Task goal:
One line at a time, check the entries below for the word "notin", and copy each line that has it.

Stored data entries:
——————

primrec gsubst :: "nat \<Rightarrow> ('p,'l) gtype \<Rightarrow> ('p,'l) gtype \<Rightarrow> ('p,'l) gtype" where
  "gsubst X S GEnd = GEnd"
| "gsubst X S (GChoice p bs) = GChoice p (map (map_prod id (map_prod id (gsubst X S))) bs)"
| "gsubst X S (GVar Y) = (if X = Y then S else GVar Y)"
| "gsubst X S (GMu Y G) = (if X = Y then GMu Y G else GMu Y (gsubst X S G))"

primrec gfv :: "('p,'l) gtype \<Rightarrow> nat set" where
  "gfv GEnd = {}"
| "gfv (GChoice p bs) = (\<Union>b\<in>set (map (map_prod id (map_prod id gfv)) bs). snd (snd b))"
| "gfv (GVar Y) = {Y}"
| "gfv (GMu Y G) = gfv G - {Y}"

primrec pt :: "('p,'l) gtype \<Rightarrow> 'p set" where
  "pt GEnd = {}"
| "pt (GChoice p bs) = (\<Union>b\<in>set (map (map_prod id (map_prod id pt)) bs). {p, fst b} \<union> snd (snd b))"
| "pt (GVar Y) = {}"
| "pt (GMu Y G) = pt G"

primrec wf_gtype :: "('p,'l) gtype \<Rightarrow> bool" where
  "wf_gtype GEnd = True"
| "wf_gtype (GChoice p bs) = (bs \<noteq> [] \<and> (\<forall>b\<in>set (map (map_prod id (map_prod id wf_gtype)) bs). p \<noteq> fst b \<and> snd (snd b)))"
| "wf_gtype (GVar Y) = True"
| "wf_gtype (GMu Y G) = (G \<noteq> GVar Y \<and> (\<forall>Z H. G \<noteq> GMu Z H) \<and> wf_gtype G)"

datatype ('p,'l) ptype =
    PEnd
  | PSend "('p \<times> 'l \<times> ('p,'l) ptype) list"
  | PRecv 'p 'l "('p,'l) ptype"
  | PVar nat
  | PMu nat "('p,'l) ptype"
  | PMerge "('p,'l) ptype list"

primrec psubst :: "nat \<Rightarrow> ('p,'l) ptype \<Rightarrow> ('p,'l) ptype \<Rightarrow> ('p,'l) ptype" where
  "psubst X S PEnd = PEnd"
| "psubst X S (PSend bs) = PSend (map (map_prod id (map_prod id (psubst X S))) bs)"
| "psubst X S (PRecv p l Q) = PRecv p l (psubst X S Q)"
| "psubst X S (PVar Y) = (if X = Y then S else PVar Y)"
| "psubst X S (PMu Y Q) = (if X = Y then PMu Y Q else PMu Y (psubst X S Q))"
| "psubst X S (PMerge qs) = PMerge (map (psubst X S) qs)"

primrec proj :: "('p,'l) gtype \<Rightarrow> 'p \<Rightarrow> ('p,'l) ptype" where
  "proj GEnd r = PEnd"
| "proj (GVar X) r = PVar X"
| "proj (GMu X G) r =
     (if r \<notin> pt G \<and> gfv (GMu X G) = {} then PEnd else PMu X (proj G r))"
| "proj (GChoice p bs) r =
     (let ps = map (map_prod id (map_prod id (\<lambda>G. proj G r))) bs in
      if r = p then PSend ps
      else PMerge (map (\<lambda>(q,l,Q). if r = q then PRecv p l Q else Q) ps))"

primrec unguarded :: "nat \<Rightarrow> ('p,'l) ptype \<Rightarrow> bool" where
  "unguarded X PEnd = False"
| "unguarded X (PSend bs) = False"
| "unguarded X (PRecv p l Q) = False"
| "unguarded X (PVar Y) = (X = Y)"
| "unguarded X (PMu Y Q) = (X \<noteq> Y \<and> unguarded X Q)"
| "unguarded X (PMerge qs) = (\<exists>Q\<in>set (map (unguarded X) qs). Q)"

primrec guarded :: "('p,'l) ptype \<Rightarrow> bool" where
  "guarded PEnd = True"
| "guarded (PSend bs) = (\<forall>b\<in>set (map (map_prod id (map_prod id guarded)) bs). snd (snd b))"
| "guarded (PRecv p l Q) = guarded Q"
| "guarded (PVar Y) = True"
| "guarded (PMu Y Q) = (\<not> unguarded Y Q \<and> guarded Q)"
| "guarded (PMerge qs) = (\<forall>Q\<in>set (map guarded qs). Q)"

coinductive tj :: "('p,'l) thread \<Rightarrow> ('p,'l) ptype \<Rightarrow> bool" where
  mu_l: "tj (tsubst X (TMu X P) P) Q \<Longrightarrow> tj (TMu X P) Q"
| mu_r: "tj P (psubst X (PMu X Q) Q) \<Longrightarrow> tj P (PMu X Q)"
| endr: "tj TEnd PEnd"
| recv: "\<lbrakk>k < length bs; bs ! k = (p, l, P); tj P Q\<rbrakk> \<Longrightarrow> tj (TRecv bs) (PRecv p l Q)"
| send: "\<lbrakk>inj_on f {..<length bs};
          \<forall>i<length bs. f i < length cs \<and> fst (cs ! f i) = fst (bs ! i)
                 \<and> fst (snd (cs ! f i)) = fst (snd (bs ! i))
                 \<and> tj (snd (snd (bs ! i))) (snd (snd (cs ! f i)))\<rbrakk>
          \<Longrightarrow> tj (TSend bs) (PSend cs)"
| merge: "\<forall>Q\<in>set qs. tj P Q \<Longrightarrow> tj P (PMerge qs)"
| pend: "\<lbrakk>k < length cs; cs ! k = (q, l, Q); tj P Q\<rbrakk> \<Longrightarrow> tj (TPend q l P) (PSend cs)"

definition net_typ :: "('p,'l) net \<Rightarrow> ('p,'l) gtype \<Rightarrow> bool" where
  "net_typ N G \<longleftrightarrow> gfv G = {} \<and> pt G \<subseteq> dom N \<and>
     (\<forall>p P. N p = Some P \<longrightarrow> tj P (proj G p))"

definition net_typ_g :: "('p,'l) net \<Rightarrow> ('p,'l) gtype \<Rightarrow> bool" where
  "net_typ_g N G \<longleftrightarrow> net_typ N G \<and> (\<forall>p\<in>dom N. guarded (proj G p))"

text \<open>A sub-family indexed by I \<subseteq> J is given by a nonempty list of distinct indices into the branch list.\<close>
inductive gstep :: "('p,'l) gtype \<Rightarrow> 'p \<times> 'l \<times> 'p \<Rightarrow> ('p,'l) gtype \<Rightarrow> bool" where
  top: "\<lbrakk>k < length bs; bs ! k = (q, l, G)\<rbrakk> \<Longrightarrow> gstep (GChoice p bs) (p, l, q) G"
| deep: "\<lbrakk>is \<noteq> []; distinct is; \<forall>i\<in>set is. i < length bs;
          length hs = length is;
          \<forall>j<length is. gstep (snd (snd (bs ! (is ! j)))) (p, l, q) (hs ! j);
          p \<noteq> r; q \<noteq> r; \<forall>i\<in>set is. p \<noteq> fst (bs ! i) \<and> q \<noteq> fst (bs ! i)\<rbrakk>
          \<Longrightarrow> gstep (GChoice r bs) (p, l, q)
                (GChoice r (map (\<lambda>j. (fst (bs ! (is ! j)), fst (snd (bs ! (is ! j))), hs ! j))
                               [0..<length is]))"
| mu: "gstep (gsubst X (GMu X H) H) a G \<Longrightarrow> gstep (GMu X H) a G"

end

theory Submission
  imports Defs
begin

text \<open>
  The proof is by well-founded induction on how far the output of p lies inside G, i.e. on
  the number of unfoldings and of choices by other participants before p's choice, generalised
  to all networks reachable from N. If G starts with p's choice, the pending output of p selects a
  branch of G; race freedom forces q to receive in the branch that the projection on q prescribes.
  A recursion is unfolded, which decreases the measure because p's projection is guarded.
  If G starts with a choice of r \<noteq> p, the thread of r, after unfolding, offers a subfamily of
  the branches of G. For each of them, let r and the receiver s of that branch communicate:
  the resulting reachable network is typed by the continuation of G, typing and race freedom
  show s \<notin> {p, q}, and the induction hypothesis yields the step of the continuation. These steps
  assemble into a step of G by the rule that commutes independent communications.
\<close>

lemma thread_induct[case_names TEnd TSend TRecv TVar TMu TPend]:
  assumes "P TEnd"
    and "\<And>bs. (\<And>q l R. (q, l, R) \<in> set bs \<Longrightarrow> P R) \<Longrightarrow> P (TSend bs)"
    and "\<And>bs. (\<And>q l R. (q, l, R) \<in> set bs \<Longrightarrow> P R) \<Longrightarrow> P (TRecv bs)"
    and "\<And>X. P (TVar X)"
    and "\<And>X R. P R \<Longrightarrow> P (TMu X R)"
    and "\<And>q l R. P R \<Longrightarrow> P (TPend q l R)"
  shows "P T"
  by (induction T rule: thread.induct) (use assms in \<open>fastforce simp: snds.simps\<close>)+

lemma gtype_induct[case_names GEnd GChoice GVar GMu]:
  assumes "P GEnd"
    and "\<And>r bs. (\<And>s m H. (s, m, H) \<in> set bs \<Longrightarrow> P H) \<Longrightarrow> P (GChoice r bs)"
    and "\<And>X. P (GVar X)"
    and "\<And>X H. P H \<Longrightarrow> P (GMu X H)"
  shows "P G"
  by (induction G rule: gtype.induct) (use assms in \<open>fastforce simp: snds.simps\<close>)+

lemma ptype_induct[case_names PEnd PSend PRecv PVar PMu PMerge]:
  assumes "P PEnd"
    and "\<And>bs. (\<And>q l R. (q, l, R) \<in> set bs \<Longrightarrow> P R) \<Longrightarrow> P (PSend bs)"
    and "\<And>p l R. P R \<Longrightarrow> P (PRecv p l R)"
    and "\<And>X. P (PVar X)"
    and "\<And>X R. P R \<Longrightarrow> P (PMu X R)"
    and "\<And>qs. (\<And>R. R \<in> set qs \<Longrightarrow> P R) \<Longrightarrow> P (PMerge qs)"
  shows "P Q"
  by (induction Q rule: ptype.induct) (use assms in \<open>fastforce simp: snds.simps\<close>)+

section \<open>Contractive threads and their unfolding\<close>

primrec tunguarded :: "nat \<Rightarrow> ('p,'l) thread \<Rightarrow> bool" where
  "tunguarded X TEnd = False"
| "tunguarded X (TSend bs) = False"
| "tunguarded X (TRecv bs) = False"
| "tunguarded X (TVar Y) = (X = Y)"
| "tunguarded X (TMu Y P) = (X \<noteq> Y \<and> tunguarded X P)"
| "tunguarded X (TPend q l P) = False"

primrec tcontractive :: "('p,'l) thread \<Rightarrow> bool" where
  "tcontractive TEnd = True"
| "tcontractive (TSend bs) = (\<forall>b\<in>set (map (map_prod id (map_prod id tcontractive)) bs). snd (snd b))"
| "tcontractive (TRecv bs) = (\<forall>b\<in>set (map (map_prod id (map_prod id tcontractive)) bs). snd (snd b))"
| "tcontractive (TVar Y) = True"
| "tcontractive (TMu Y P) = (\<not> tunguarded Y P \<and> tcontractive P)"
| "tcontractive (TPend q l P) = tcontractive P"

primrec tsend_nonempty :: "('p,'l) thread \<Rightarrow> bool" where
  "tsend_nonempty TEnd = True"
| "tsend_nonempty (TSend bs) = (bs \<noteq> [] \<and> (\<forall>b\<in>set (map (map_prod id (map_prod id tsend_nonempty)) bs). snd (snd b)))"
| "tsend_nonempty (TRecv bs) = (\<forall>b\<in>set (map (map_prod id (map_prod id tsend_nonempty)) bs). snd (snd b))"
| "tsend_nonempty (TVar Y) = True"
| "tsend_nonempty (TMu Y P) = tsend_nonempty P"
| "tsend_nonempty (TPend q l P) = tsend_nonempty P"

primrec tmu_depth :: "('p,'l) thread \<Rightarrow> nat" where
  "tmu_depth TEnd = 0"
| "tmu_depth (TSend bs) = 0"
| "tmu_depth (TRecv bs) = 0"
| "tmu_depth (TVar Y) = 0"
| "tmu_depth (TMu Y P) = Suc (tmu_depth P)"
| "tmu_depth (TPend q l P) = 0"

text \<open>is_thread is not preserved by unfolding, which can create \<mu>Y.\<mu>X.P; the conditions of
  good_thread are.\<close>

definition good_thread :: "('p,'l) thread \<Rightarrow> bool" where
  "good_thread T \<longleftrightarrow> tfv T = {} \<and> tcontractive T \<and> tsend_nonempty T"

lemma tfv_tsubst: "tfv (tsubst X S P) \<subseteq> tfv P - {X} \<union> tfv S"
proof (induction P rule: thread_induct)
  case (TSend bs)
  then show ?case by (fastforce split: prod.splits)
next
  case (TRecv bs)
  then show ?case by (fastforce split: prod.splits)
qed auto

lemma tunguarded_tfv: "tunguarded X P \<Longrightarrow> X \<in> tfv P"
  by (induction P rule: thread_induct) auto

lemma tunguarded_tsubst: "tunguarded Y (tsubst X S P) \<Longrightarrow> tunguarded Y P \<or> (tunguarded X P \<and> tunguarded Y S)"
  by (induction P rule: thread_induct) (auto split: if_splits)

lemma tcontractive_tsubst:
  "tcontractive P \<Longrightarrow> tcontractive S \<Longrightarrow> tfv S = {} \<Longrightarrow> tcontractive (tsubst X S P)"
proof (induction P rule: thread_induct)
  case (TMu Y P)
  then show ?case using tunguarded_tsubst[of Y X S P] tunguarded_tfv[of Y S] by auto
qed fastforce+

lemma tsend_nonempty_tsubst: "tsend_nonempty P \<Longrightarrow> tsend_nonempty S \<Longrightarrow> tsend_nonempty (tsubst X S P)"
  by (induction P rule: thread_induct) fastforce+

lemma tmu_depth_tsubst: "\<not> tunguarded X P \<Longrightarrow> tmu_depth (tsubst X S P) = tmu_depth P"
  by (induction P rule: thread_induct) auto

lemma good_thread_unfold: "good_thread (TMu X P) \<Longrightarrow> good_thread (tsubst X (TMu X P) P)"
  unfolding good_thread_def using tfv_tsubst[of X "TMu X P" P] tcontractive_tsubst tsend_nonempty_tsubst
  by (metis Diff_empty Un_empty_right subset_empty tfv.simps(5) tcontractive.simps(5) tsend_nonempty.simps(5))

lemma tmu_depth_unfold: "good_thread (TMu X P) \<Longrightarrow> tmu_depth (tsubst X (TMu X P) P) < tmu_depth (TMu X P)"
  unfolding good_thread_def by (simp add: tmu_depth_tsubst)

lemma good_thread_continuation:
  "good_thread (TSend bs) \<Longrightarrow> (q, l, R) \<in> set bs \<Longrightarrow> good_thread R"
  "good_thread (TRecv bs) \<Longrightarrow> (q, l, R) \<in> set bs \<Longrightarrow> good_thread R"
  "good_thread (TPend q l R) \<Longrightarrow> good_thread R"
  unfolding good_thread_def by force+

——————

Solved problem:
     (if r \<notin> pt G \<and> gfv (GMu X G) = {} then PEnd else PMu X (proj G r))"
  show s \<notin> {p, q}, and the induction hypothesis yields the step of the continuation. These steps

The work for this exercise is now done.